=== TASK ITEM ===
Reproduce verbatim the lines of the material below, starting at the line with "(let a = (j" and ending at the line with "(qfact r s (a", both inclusive; skip the rest.

-----

(* Let $r\ge 3$ and $s$ be coprime odd integers with $0<s<r$, $q=\exp(i\pi s/r)$. Define $P_n\in\mathbb{Z}[X]$ by $P_0=1$, $P_1=X$, $P_{n+1}=XP_n+\epsilon_n\epsilon_{n+1}P_{n-1}$ for $1\le n\le r-2$; then $P_{r-2},P_{r-1}$ are coprime monic of degrees $r-2,r-1$ and $$\frac{P_{r-1}}{P_{r-2}}=X+\cfrac{\epsilon_1\epsilon_2}{X+\cfrac{\epsilon_2\epsilon_3}{X+\cfrac{\cdots}{\cdots+\cfrac{\epsilon_{r-2}\epsilon_{r-1}}{X}}}}.$$ Moreover: (i) the map $X\mapsto e_1$ induces an algebra isomorphism $\mathbb{Q}[X]/(P_{r-1})\cong V_q$; (ii) for every $f\in\mathbb{Q}[X]$, $$\epsilon(f(e_1))=\sum_{z\in\mathbb{C},\,P_{r-1}(z)=0}\operatorname{Res}_{z}\left(\frac{f\,P_{r-2}}{P_{r-1}}\right);$$ (iii) $P_{r-1}(X)=R(X^2)$, where $R$ is the Riley polynomial.
   Context: For an integer $n$ put $[n]=\frac{q^n-q^{-n}}{q-q^{-1}}$, $[n]!=[n][n-1]\cdots[1]$, and for $1\le n\le r-1$ let $\epsilon_n=\operatorname{sign}[n]=(-1)^{\lfloor ns/r\rfloor}$ (so $\epsilon_1=1$ and $\epsilon_n=\epsilon_{r-n}$). A triple $(i,j,k)\in\{0,\dots,r-2\}^3$ is $r$-admissible if $i\le j+k$, $j\le i+k$, $k\le i+j$, $i+j+k$ is even and $i+j+k\le 2r-4$; for such a triple write $i=b+c$, $j=a+c$, $k=a+b$ and set $\langle i,j,k\rangle=(-1)^{a+b+c}\frac{[a+b+c+1]![a]![b]![c]!}{[a+b]![a+c]![b+c]!}$ (a nonzero real number). Let $V_q$ be the $\mathbb{Q}$-vector space with basis $e_0,\dots,e_{r-2}$, with the symmetric bilinear form $\eta$ for which this basis is orthogonal and $\eta(e_i,e_i)=(-1)^i\epsilon_{i+1}$, and the symmetric trilinear form $\omega$ with $\omega(e_i,e_j,e_k)=\operatorname{sign}\langle i,j,k\rangle$ if $(i,j,k)$ is $r$-admissible and $0$ otherwise. The product on $V_q$ is defined by $\eta(x\cdot y,z)=\omega(x,y,z)$; this makes $V_q$ a commutative associative unital $\mathbb{Q}$-algebra with unit $e_0$ and a Frobenius algebra with counit $\epsilon(f)=\eta(f,e_0)$ (so $\eta(x,y)=\epsilon(xy)$). The Riley polynomial $R(t)\in\mathbb{Z}[t]$ is the upper-left entry of the matrix product $A_1A_2\cdots A_{r-1}$, where $A_k=\begin{pmatrix}1&1\\0&1\end{pmatrix}^{\epsilon_k}$ for $k$ odd and $A_k=\begin{pmatrix}1&0\\t&1\end{pmatrix}^{\epsilon_k}$ for $k$ even. *)

theory Defs
  imports "HOL-Complex_Analysis.Complex_Analysis"
    "HOL-Computational_Algebra.Fraction_Field"
begin

definition qroot :: "nat \<Rightarrow> nat \<Rightarrow> complex" where
  "qroot r s = exp (\<i> * complex_of_real (pi * real s / real r))"

definition qint :: "nat \<Rightarrow> nat \<Rightarrow> nat \<Rightarrow> complex" where
  "qint r s n = (let q = qroot r s in (q ^ n - inverse q ^ n) / (q - inverse q))"

definition qfact :: "nat \<Rightarrow> nat \<Rightarrow> nat \<Rightarrow> complex" where
  "qfact r s n = (\<Prod>k\<in>{1..n}. qint r s k)"

text \<open>epsilon_n = sign [n] ([n] is a real number).\<close>
definition eps :: "nat \<Rightarrow> nat \<Rightarrow> nat \<Rightarrow> int" where
  "eps r s n = (if Re (qint r s n) > 0 then 1 else if Re (qint r s n) < 0 then -1 else 0)"

definition admissible :: "nat \<Rightarrow> nat \<Rightarrow> nat \<Rightarrow> nat \<Rightarrow> bool" where
  "admissible r i j k \<longleftrightarrow> i \<le> r - 2 \<and> j \<le> r - 2 \<and> k \<le> r - 2 \<and>
     i \<le> j + k \<and> j \<le> i + k \<and> k \<le> i + j \<and> even (i + j + k) \<and> i + j + k \<le> 2 * r - 4"

text \<open>i = b+c, j = a+c, k = a+b.\<close>
definition theta :: "nat \<Rightarrow> nat \<Rightarrow> nat \<Rightarrow> nat \<Rightarrow> nat \<Rightarrow> complex" where
  "theta r s i j k =
     (let a = (j + k - i) div 2; b = (i + k - j) div 2; c = (i + j - k) div 2 in
      (-1) ^ (a + b + c) * qfact r s (a + b + c + 1) * qfact r s a * qfact r s b * qfact r s c
        / (qfact r s (a + b) * qfact r s (a + c) * qfact r s (b + c)))"

definition omega :: "nat \<Rightarrow> nat \<Rightarrow> nat \<Rightarrow> nat \<Rightarrow> nat \<Rightarrow> rat" where
  "omega r s i j k = (if admissible r i j k then (if Re (theta r s i j k) > 0 then 1 else if Re (theta r s i j k) < 0 then -1 else 0) else 0)"

definition etad :: "nat \<Rightarrow> nat \<Rightarrow> nat \<Rightarrow> rat" where
  "etad r s i = (-1) ^ i * of_int (eps r s (i + 1))"

text \<open>Elements of V_q: coefficient functions supported on {0..r-2} (basis e_0..e_{r-2}).\<close>
definition Vq :: "nat \<Rightarrow> (nat \<Rightarrow> rat) set" where
  "Vq r = {x. \<forall>k. r - 2 < k \<longrightarrow> x k = 0}"

definition ebas :: "nat \<Rightarrow> nat \<Rightarrow> rat" where
  "ebas i = (\<lambda>k. if k = i then 1 else 0)"

definition eta :: "nat \<Rightarrow> nat \<Rightarrow> (nat \<Rightarrow> rat) \<Rightarrow> (nat \<Rightarrow> rat) \<Rightarrow> rat" where
  "eta r s x y = (\<Sum>i\<le>r - 2. x i * y i * etad r s i)"

definition omega3 :: "nat \<Rightarrow> nat \<Rightarrow> (nat \<Rightarrow> rat) \<Rightarrow> (nat \<Rightarrow> rat) \<Rightarrow> (nat \<Rightarrow> rat) \<Rightarrow> rat" where
  "omega3 r s x y z = (\<Sum>i\<le>r - 2. \<Sum>j\<le>r - 2. \<Sum>k\<le>r - 2. x i * y j * z k * omega r s i j k)"

text \<open>Product determined by eta(x*y, e_k) = omega(x,y,e_k), eta being diagonal.\<close>
definition vmult :: "nat \<Rightarrow> nat \<Rightarrow> (nat \<Rightarrow> rat) \<Rightarrow> (nat \<Rightarrow> rat) \<Rightarrow> nat \<Rightarrow> rat" where
  "vmult r s x y = (\<lambda>k. if k \<le> r - 2 then omega3 r s x y (ebas k) / etad r s k else 0)"

definition counit :: "nat \<Rightarrow> nat \<Rightarrow> (nat \<Rightarrow> rat) \<Rightarrow> rat" where
  "counit r s x = eta r s x (ebas 0)"

fun vpow :: "nat \<Rightarrow> nat \<Rightarrow> (nat \<Rightarrow> rat) \<Rightarrow> nat \<Rightarrow> nat \<Rightarrow> rat" where
  "vpow r s x 0 = ebas 0"
| "vpow r s x (Suc n) = vmult r s x (vpow r s x n)"

definition veval :: "nat \<Rightarrow> nat \<Rightarrow> rat poly \<Rightarrow> nat \<Rightarrow> rat" where
  "veval r s f = (\<lambda>k. \<Sum>i\<le>degree f. coeff f i * vpow r s (ebas 1) i k)"

fun Ppoly :: "nat \<Rightarrow> nat \<Rightarrow> nat \<Rightarrow> int poly" where
  "Ppoly r s 0 = 1"
| "Ppoly r s (Suc 0) = [:0, 1:]"
| "Ppoly r s (Suc (Suc n)) =
     [:0, 1:] * Ppoly r s (Suc n) + smult (eps r s (Suc n) * eps r s (Suc (Suc n))) (Ppoly r s n)"

text \<open>Continued fraction: cf m is the tail starting at level r-1-m, i.e.
  cf 0 = X (level r-1), cf (m+1) = X + eps_j eps_{j+1} / cf m with j = r-2-m.
  The full continued fraction is cf (r-2).\<close>
fun cfrac :: "nat \<Rightarrow> nat \<Rightarrow> nat \<Rightarrow> int poly fract" where
  "cfrac r s 0 = Fract [:0, 1:] 1"
| "cfrac r s (Suc m) = Fract [:0, 1:] 1 +
     of_int (eps r s (r - 2 - m) * eps r s (r - 1 - m)) / cfrac r s m"

type_synonym mat2 = "int poly \<times> int poly \<times> int poly \<times> int poly"
  (* (a,b,c,d) represents the matrix [[a,b],[c,d]] *)

fun mmul2 :: "mat2 \<Rightarrow> mat2 \<Rightarrow> mat2" where
  "mmul2 (a, b, c, d) (e, f, g, h) = (a*e + b*g, a*f + b*h, c*e + d*g, c*f + d*h)"

text \<open>[[1,1],[0,1]]^m = [[1,m],[0,1]] and [[1,0],[t,1]]^m = [[1,0],[m t,1]] for m = eps_k = +-1.\<close>
definition rileyA :: "nat \<Rightarrow> nat \<Rightarrow> nat \<Rightarrow> mat2" where
  "rileyA r s k = (if odd k then (1, [:of_int (eps r s k):], 0, 1)
                   else (1, 0, [:0, of_int (eps r s k):], 1))"

fun rileyProd :: "nat \<Rightarrow> nat \<Rightarrow> nat \<Rightarrow> mat2" where
  "rileyProd r s 0 = (1, 0, 0, 1)"
| "rileyProd r s (Suc n) = mmul2 (rileyProd r s n) (rileyA r s (Suc n))"

definition riley :: "nat \<Rightarrow> nat \<Rightarrow> int poly" where
  "riley r s = fst (rileyProd r s (r - 1))"

end

theory Submission
  imports Defs
begin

-----

=== ANSWER BOX ===
     (let a = (j + k - i) div 2; b = (i + k - j) div 2; c = (i + j - k) div 2 in
      (-1) ^ (a + b + c) * qfact r s (a + b + c + 1) * qfact r s a * qfact r s b * qfact r s c
        / (qfact r s (a + b) * qfact r s (a + c) * qfact r s (b + c)))"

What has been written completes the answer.